Afraid not. I always get around to dabbling eventually, so am just thinking about water. My water at home is fairly soft. No scale in the kettle and I run the stuff for the machine through a Brita C30 Purity system, but I doubt my taste buds would know the difference!


----------



## the_partisan (Feb 29, 2016)

OK, then your water is probably quite decent. You can get a test kit and measure the KH and TH. I use the BWT test kit and it's easy enough to use.


----------



## johnealey (May 19, 2014)

Hi Dave

Not sure how the head is set up on the C30 but if the "flushing" output comes out post filter (as the 600 / 1200 do) and you not already got a separate tap plumbed between filter and machine, could be worth trying this vs any bottled water combo's to see if you can notice any difference. Would, whilst not hitting ideal composition, at least provided consistency between espresso / brewed of same coffee if that makes sense.

A bottled solution that works well for me also for brewed is 50% Volvic / 50% WE essential (2L bottle) when we can find Volvic in bigger bottles than 500ml and near the closest waitrose (12 or 16 miles away) so will often resort to using water from the C600 when run out, which does make a small difference (am running at 20% bypass though with super hard Cotswold water) but acceptable.

Hope of help

John


----------



## MWJB (Feb 28, 2012)

fatboyslim said:


> Any other combos you'd recommend for brewed? Also do you have a link to that spreadsheet you did awhile back?


https://www.dropbox.com/s/g95rcm0vr9fgr4q/Bottled%20Water%20Combos%20x2%2027.10.15.pdf?dl=0

Don't know how long this link will stay up for, they're mucking around with Dropbox.

There are literally hundreds of options for brewed if you exclude boilers. I suggested the HS:WE combo for David because the waters have a similar Ca:MG ratio and mixing them predominantly changes GH:KH but only a little, so you don't need to weigh/measure, a rough eyeball of 1:2 or 1:4 will do.


----------



## MWJB (Feb 28, 2012)

Glaceau Smart Water & Volvic also seem to be a practical mix, you can stick the Volvic straight in a machine, or use 1 Glaceau: 2-5 parts Volvic in the machine.

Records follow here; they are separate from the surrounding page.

text \<open>The region above the graph of \<open>h\<close> with respect to \<open>n\<close> is the region below the graph of
  \<open>-h\<close> with respect to \<open>-n\<close>, so these one-sided lemmas serve for both sides.\<close>

lemma connected_strict_subgraph:
  fixes N :: "'a::real_inner set" and h :: "'a \<Rightarrow> real"
  assumes N: "convex N" and n: "n \<bullet> n = 1" and h: "\<And>x s. h (x + s *\<^sub>R n) = h x"
    and proj: "\<And>x. x \<in> N \<Longrightarrow> x + (t - x \<bullet> n) *\<^sub>R n \<in> N"
    and below: "\<And>x. x \<in> N \<Longrightarrow> t < h x"
  shows "connected {x \<in> N. x \<bullet> n < h x}"
proof (cases "N = {}")
  case False
  let ?T = "N \<inter> {x. n \<bullet> x = t}"
  have proj_T: "x + (t - x \<bullet> n) *\<^sub>R n \<in> ?T" if "x \<in> N" for x
    using proj[OF that] n by (simp add: inner_add_right inner_commute)
  show ?thesis
  proof (rule connected_if_segments_to_convex)
    show "convex ?T" using N by (simp add: convex_Int convex_hyperplane)
    show "?T \<noteq> {}" using False proj_T by blast
    show "?T \<subseteq> {x \<in> N. x \<bullet> n < h x}" using below by (auto simp: inner_commute)
  next
    fix x assume x: "x \<in> {x \<in> N. x \<bullet> n < h x}"
    let ?y = "x + (t - x \<bullet> n) *\<^sub>R n"
    have "closed_segment x ?y \<subseteq> {x \<in> N. x \<bullet> n < h x}"
    proof
      fix z assume z: "z \<in> closed_segment x ?y"
      then obtain u where u: "0 \<le> u" "u \<le> 1" "z = (1 - u) *\<^sub>R x + u *\<^sub>R ?y"
        unfolding in_segment by blast
      have "z \<in> N" using z closed_segment_subset[OF _ proj N] x by blast
      have z_eq: "z = x + (u * (t - x \<bullet> n)) *\<^sub>R n" using u(3) by (simp add: algebra_simps)
      have "z \<bullet> n = (1 - u) * (x \<bullet> n) + u * t" using n by (simp add: z_eq inner_add_left algebra_simps)
      also have "\<dots> < h x" using convex_bound_lt[of "x \<bullet> n" "h x" t "1 - u" u] x below u by simp
      also have "\<dots> = h z" using h by (simp add: z_eq)
      finally show "z \<in> {x \<in> N. x \<bullet> n < h x}" using \<open>z \<in> N\<close> by simp
    qed
    then show "\<exists>y\<in>?T. closed_segment x y \<subseteq> {x \<in> N. x \<bullet> n < h x}" using proj_T x by blast
  qed
qed simp
(* Let $M=B\circ S$ with $S$ subsampling without replacement with batch size $q$, and let the batch relation be the substitution relation $\simeq_\Delta$ with induced distance $d_\Delta$. Then for every $\alpha>1$ and all datasets $x\simeq_\Delta x'$ of size $N$, $$\Lambda_\alpha(m_x\|m_{x'})\le\max_{y^{(1)}_1,y^{(1)}_2,y^{(2)}_1,y^{(2)}_2\in\mathbb Y}\Lambda_\alpha\big((1-w)b_{y^{(1)}_1}+w\,b_{y^{(1)}_2}\ \big\|\ (1-w)b_{y^{(2)}_1}+w\,b_{y^{(2)}_2}\big)$$ subject to $y^{(1)}_1=y^{(2)}_1$, $d_\Delta(y^{(1)}_1,y^{(1)}_2)\le1$, $d_\Delta(y^{(1)}_1,y^{(2)}_2)\le1$, $d_\Delta(y^{(1)}_2,y^{(2)}_2)\le1$, where $w=q/N$.
   Context: Finite set $\mathbb A$, datasets are subsets of $\mathbb A$ with more than $q$ elements; batches are subsets of size $q$. Subsampling without replacement with batch size $q$: $s_x(y)=\binom{|x|}{q}^{-1}$ for $y\subseteq x$, $|y|=q$. $B$ assigns a density $b_y$ on $\mathbb R^D$ to each batch; $m_x=\sum_y b_y s_x(y)$. Substitution relation: $u\simeq_\Delta u'$ iff $u'=(u\setminus\{a\})\cup\{a'\}$ for some $a\in u$, $a'\notin u$ (used both for datasets and batches); $d_\Delta$ is the induced distance (length of shortest chain of neighbors, $0$ from a set to itself). $\Lambda_\alpha(p\|q)=\int p^\alpha q^{1-\alpha}dz$. *)

theory Defs
  imports "HOL-Analysis.Analysis" "HOL-Library.Extended_Nat"
begin

definition batches :: "nat \<Rightarrow> 'a set set" where
  "batches q = {y. card y = q}"

definition subsample :: "nat \<Rightarrow> 'a set \<Rightarrow> 'a set \<Rightarrow> real" where
  "subsample q x y = (if y \<subseteq> x \<and> card y = q then 1 / real (card x choose q) else 0)"

definition mech :: "('a set \<Rightarrow> 'b \<Rightarrow> real) \<Rightarrow> nat \<Rightarrow> 'a set \<Rightarrow> 'b \<Rightarrow> real" where
  "mech B q x z = (\<Sum>y\<in>batches q. B y z * subsample q x y)"
lemma coeff_ring_has_partial_derivative:
  assumes "h \<in> coeff_ring N" "p \<in> {1..N}"
  shows "\<exists>h'\<in>coeff_ring N. \<forall>x\<in>Ureg N. ((\<lambda>t. h (x(p := t))) has_field_derivative h' x) (at (x p))"
  using assms(1)
proof induction
  case (const c)
  show ?case by (intro bexI[of _ "\<lambda>x. 0"] coeff_ring.const) auto
next
  case (var i)
  show ?case
    by (intro bexI[of _ "\<lambda>x. if i = p then 1 else 0"] coeff_ring.const)
       (auto intro!: derivative_eq_intros)
next
  case (inv a b)
  let ?s = "if p = a then -1 else if p = b then 1 else 0 :: complex"
  show ?case
  proof (intro bexI[of _ "\<lambda>x. ?s * (1 / (x a - x b)) * (1 / (x a - x b))"] ballI)
    fix x assume "x \<in> Ureg N"
    then show "((\<lambda>t. 1 / ((x(p := t)) a - (x(p := t)) b)) has_field_derivative
                 ?s * (1 / (x a - x b)) * (1 / (x a - x b))) (at (x p))"
      using inv by (intro has_field_derivative_inverse_diff Ureg_neq)
  qed (use inv in \<open>intro coeff_ring.intros\<close>)
next
  case (add f g)
  then obtain f' g' where "f' \<in> coeff_ring N" "g' \<in> coeff_ring N"
    and "\<forall>x\<in>Ureg N. ((\<lambda>t. f (x(p := t))) has_field_derivative f' x) (at (x p))"
        "\<forall>x\<in>Ureg N. ((\<lambda>t. g (x(p := t))) has_field_derivative g' x) (at (x p))" by blast
  then show ?case
    by (intro bexI[of _ "\<lambda>x. f' x + g' x"] coeff_ring.add ballI DERIV_add) blast+
next
  case (mult f g)
  then obtain f' g' where "f' \<in> coeff_ring N" "g' \<in> coeff_ring N"
    and "\<forall>x\<in>Ureg N. ((\<lambda>t. f (x(p := t))) has_field_derivative f' x) (at (x p))"
        "\<forall>x\<in>Ureg N. ((\<lambda>t. g (x(p := t))) has_field_derivative g' x) (at (x p))" by blast
  note derivs = this
  show ?case
  proof (intro bexI[of _ "\<lambda>x. f' x * g x + f x * g' x"] ballI)
    fix x assume "x \<in> Ureg N"
    then have "((\<lambda>t. f (x(p := t)) * g (x(p := t))) has_field_derivative
                 f' x * g (x(p := x p)) + g' x * f (x(p := x p))) (at (x p))"
      using derivs by (intro DERIV_mult) blast+
    then show "((\<lambda>t. f (x(p := t)) * g (x(p := t))) has_field_derivative f' x * g x + f x * g' x) (at (x p))"
      by (simp add: mult.commute)
  qed (use derivs mult.hyps in \<open>intro coeff_ring.intros\<close>)
qed

text \<open>
  Operators only act as expected on functions that agree with an element of the coefficient ring
  on the regular set: these are closed under the \<open>pd p\<close>, on which \<open>pd p\<close> obeys the Leibniz rule
  and commutes.
\<close>

definition coeff_fns :: "nat \<Rightarrow> fn set" where
  "coeff_fns N = {f. \<exists>h\<in>coeff_ring N. \<forall>x\<in>Ureg N. f x = h x}"

lemma coeff_ring_in_coeff_fns: "h \<in> coeff_ring N \<Longrightarrow> h \<in> coeff_fns N"
  unfolding coeff_fns_def by blast

lemma coeff_fns_cong: "f \<in> coeff_fns N \<Longrightarrow> (\<And>x. x \<in> Ureg N \<Longrightarrow> g x = f x) \<Longrightarrow> g \<in> coeff_fns N"
  unfolding coeff_fns_def by auto

lemma coeff_fns_const: "(\<lambda>x. c) \<in> coeff_fns N"
  by (intro coeff_ring_in_coeff_fns coeff_ring.const)

lemma coeff_fns_add:
  assumes "f \<in> coeff_fns N" "g \<in> coeff_fns N"
  shows "(\<lambda>x. f x + g x) \<in> coeff_fns N"
proof -
  obtain h k where "h \<in> coeff_ring N" "\<forall>x\<in>Ureg N. f x = h x" "k \<in> coeff_ring N" "\<forall>x\<in>Ureg N. g x = k x"
    using assms unfolding coeff_fns_def by blast
  then show ?thesis
    unfolding coeff_fns_def by (intro CollectI bexI[of _ "\<lambda>x. h x + k x"] coeff_ring.add) auto
qed

lemma coeff_fns_mult:
  assumes "f \<in> coeff_fns N" "g \<in> coeff_fns N"
  shows "(\<lambda>x. f x * g x) \<in> coeff_fns N"
proof -
  obtain h k where "h \<in> coeff_ring N" "\<forall>x\<in>Ureg N. f x = h x" "k \<in> coeff_ring N" "\<forall>x\<in>Ureg N. g x = k x"
    using assms unfolding coeff_fns_def by blast
  then show ?thesis
    unfolding coeff_fns_def by (intro CollectI bexI[of _ "\<lambda>x. h x * k x"] coeff_ring.mult) auto
qed

lemma coeff_fns_divide_diff:
  assumes "a \<in> {1..N}" "b \<in> {1..N}" "a \<noteq> b"
  shows "(\<lambda>x. c / (x a - x b)) \<in> coeff_fns N"
proof -
  have "(\<lambda>x. c * (1 / (x a - x b))) \<in> coeff_ring N"
    using assms by (intro coeff_ring.intros)
  then show ?thesis by (simp add: coeff_ring_in_coeff_fns)
qed

lemma coeff_fns_partial_derivative:
  assumes "f \<in> coeff_fns N" "p \<in> {1..N}"
  obtains f' where "f' \<in> coeff_ring N"
    "\<And>x. x \<in> Ureg N \<Longrightarrow> ((\<lambda>t. f (x(p := t))) has_field_derivative f' x) (at (x p))"
proof -
  obtain h where h: "h \<in> coeff_ring N" "\<And>x. x \<in> Ureg N \<Longrightarrow> f x = h x"
    using assms(1) unfolding coeff_fns_def by blast
  obtain h' where h': "h' \<in> coeff_ring N"
    "\<And>x. x \<in> Ureg N \<Longrightarrow> ((\<lambda>t. h (x(p := t))) has_field_derivative h' x) (at (x p))"
    using coeff_ring_has_partial_derivative[OF h(1) assms(2)] by blast
  have "((\<lambda>t. f (x(p := t))) has_field_derivative h' x) (at (x p))" if x: "x \<in> Ureg N" for x
  proof -
    have "\<forall>\<^sub>F t in nhds (x p). f (x(p := t)) = h (x(p := t))"
      using eventually_fun_upd_in_Ureg[OF x assms(2)] by eventually_elim (rule h(2))
    then show ?thesis
      using h'(2)[OF x] by (subst DERIV_cong_ev[OF refl _ refl])
  qed
  with h'(1) show ?thesis by (rule that)
qed
lemma psd_diag:
  assumes "psd A"
  shows "Im (A $ i $ i) = 0" "0 \<le> Re (A $ i $ i)"
proof -
  have "qform A (axis i 1) = A $ i $ i"
    by (simp add: qform_def matrix_vector_mult_def axis_def if_distrib[of cnj] mult_if_delta
        if_distrib[of "\<lambda>x. _ * x"] cong: if_cong)
  with assms show "Im (A $ i $ i) = 0" "0 \<le> Re (A $ i $ i)"
    unfolding psd_def by metis+
qed

lemma trace_op_add: "trace_op (A + B) = trace_op A + trace_op B"
  by (simp add: qop_entrywise)

lemma trace_op_conj: "trace_op (K ** X ** adj K) = trace_op ((adj K ** K) ** X)"
  by (simp add: qop_entrywise algebra_simps)

lemma density_Re_diag_sum: "density \<rho> \<Longrightarrow> Re (\<rho> $ 1 $ 1) + Re (\<rho> $ 2 $ 2) = 1"
  by (simp add: density_iff_psd qop_entrywise complex_eq_iff)

subsection \<open>Kraus maps and quantum channels\<close>

definition kraus_map :: "qop list \<Rightarrow> qop \<Rightarrow> qop" where
  "kraus_map Ks X = sum_list (map (\<lambda>K. K ** X ** adj K) Ks)"

lemma kraus_map_add: "kraus_map Ks (A + B) = kraus_map Ks A + kraus_map Ks B"
proof (induction Ks)
  case Nil
  then show ?case by (simp add: kraus_map_def)
next
  case (Cons K Ks)
  have "K ** (A + B) ** adj K = K ** A ** adj K + K ** B ** adj K"
    by (simp add: qop_entrywise algebra_simps)
  with Cons show ?case by (simp add: kraus_map_def algebra_simps)
qed

lemma kraus_map_scaleR: "kraus_map Ks (c *\<^sub>R A) = c *\<^sub>R kraus_map Ks A"
proof (induction Ks)
  case Nil
  then show ?case by (simp add: kraus_map_def)
next
  case (Cons K Ks)
  have "K ** (c *\<^sub>R A) ** adj K = c *\<^sub>R (K ** A ** adj K)"
    by (simp add: qop_entrywise algebra_simps)
  with Cons show ?case by (simp add: kraus_map_def algebra_simps)
qed

lemma psd_kraus_map: "psd A \<Longrightarrow> psd (kraus_map Ks A)"
  by (induction Ks) (simp_all add: kraus_map_def psd_zero psd_add psd_conj)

For brewed with a kettle, you can try 'water from outer space' with a 1Gl:1Vol, or 2Gl:3Vol mix.


----------



## MWJB (Feb 28, 2012)

dfk41 said:


> but I doubt my taste buds would know the difference!


Not being funny, but then why are you concerned?


----------



## Phobic (Aug 17, 2016)

do a google of your water provider, they might publish the content you're getting from the tap.

personally I have a jug that I empty a bottle of WE and volvic into, it's not 1:1 as the bottles aren't the same size, but it's near enough and much less faff!


----------



## Boucaneer (Feb 11, 2017)

I seem to remember hearing about what we used to call " liquor " a water prepared for brewing beer, and Epsom salts were involved to turn the hard London water into a soft water " liquor " for brewing the malt and hops with, and then to " sparge ones wort . " : )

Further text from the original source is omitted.